WHAT TO DO: The expected output is the line bearing "[] R = [best" followed by all remaining lines of the records, each restated word for word.

RAW DATA:
fun best :: "bool \<Rightarrow> rat \<Rightarrow> nat \<Rightarrow> rat list \<Rightarrow> (rat \<times> nat list) list \<Rightarrow> rat \<times> nat list" where
  "best b a t [] ((v, ks) # R) = (comb b a v, t # ks)"
| "best b a t (x # xs) ((v, ks) # R) =
     (let c = (comb b a v, t # ks);
          d = best b (a + x) (Suc t) xs R
      in if fst c < fst d then d else c)"
| "best b a t _ [] = (0, [])"

fun T_best :: "bool \<Rightarrow> rat \<Rightarrow> nat \<Rightarrow> rat list \<Rightarrow> (rat \<times> nat list) list \<Rightarrow> nat" where
  "T_best b a t [] ((v, ks) # R) = T_comb b a v + 1"
| "T_best b a t (x # xs) ((v, ks) # R) =
     T_comb b a v + T_best b (a + x) (Suc t) xs R + 2 + 1"
| "T_best b a t _ [] = 1"

fun next_row :: "bool \<Rightarrow> rat list \<Rightarrow> (rat \<times> nat list) list \<Rightarrow> (rat \<times> nat list) list" where
  "next_row b [] R = [best b 0 0 [] R]"
| "next_row b (x # xs) (r # R) = best b 0 0 (x # xs) (r # R) # next_row b xs R"
| "next_row b (x # xs) [] = []"

fun T_next_row :: "bool \<Rightarrow> rat list \<Rightarrow> (rat \<times> nat list) list \<Rightarrow> nat" where
  "T_next_row b [] R = T_best b 0 0 [] R + 1"
| "T_next_row b (x # xs) (r # R) = T_best b 0 0 (x # xs) (r # R) + T_next_row b xs R + 1"
| "T_next_row b (x # xs) [] = 1"

fun iter_rows :: "bool \<Rightarrow> nat \<Rightarrow> rat list \<Rightarrow> (rat \<times> nat list) list \<Rightarrow> (rat \<times> nat list) list" where
  "iter_rows b 0 s R = R"
| "iter_rows b (Suc i) s R = iter_rows b i s (next_row b s R)"

fun T_iter_rows :: "bool \<Rightarrow> nat \<Rightarrow> rat list \<Rightarrow> (rat \<times> nat list) list \<Rightarrow> nat" where
  "T_iter_rows b 0 s R = 1"
| "T_iter_rows b (Suc i) s R = T_next_row b s R + T_iter_rows b i s (next_row b s R) + 1"

fun first_choice :: "(rat \<times> nat list) list \<Rightarrow> nat list" where
  "first_choice ((v, ks) # R) = ks"
| "first_choice [] = []"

WRITTEN ANSWER:
  "next_row b [] R = [best b 0 0 [] R]"
| "next_row b (x # xs) (r # R) = best b 0 0 (x # xs) (r # R) # next_row b xs R"
| "next_row b (x # xs) [] = []"

fun T_next_row :: "bool \<Rightarrow> rat list \<Rightarrow> (rat \<times> nat list) list \<Rightarrow> nat" where
  "T_next_row b [] R = T_best b 0 0 [] R + 1"
| "T_next_row b (x # xs) (r # R) = T_best b 0 0 (x # xs) (r # R) + T_next_row b xs R + 1"
| "T_next_row b (x # xs) [] = 1"

fun iter_rows :: "bool \<Rightarrow> nat \<Rightarrow> rat list \<Rightarrow> (rat \<times> nat list) list \<Rightarrow> (rat \<times> nat list) list" where
  "iter_rows b 0 s R = R"
| "iter_rows b (Suc i) s R = iter_rows b i s (next_row b s R)"

fun T_iter_rows :: "bool \<Rightarrow> nat \<Rightarrow> rat list \<Rightarrow> (rat \<times> nat list) list \<Rightarrow> nat" where
  "T_iter_rows b 0 s R = 1"
| "T_iter_rows b (Suc i) s R = T_next_row b s R + T_iter_rows b i s (next_row b s R) + 1"

fun first_choice :: "(rat \<times> nat list) list \<Rightarrow> nat list" where
  "first_choice ((v, ks) # R) = ks"
| "first_choice [] = []"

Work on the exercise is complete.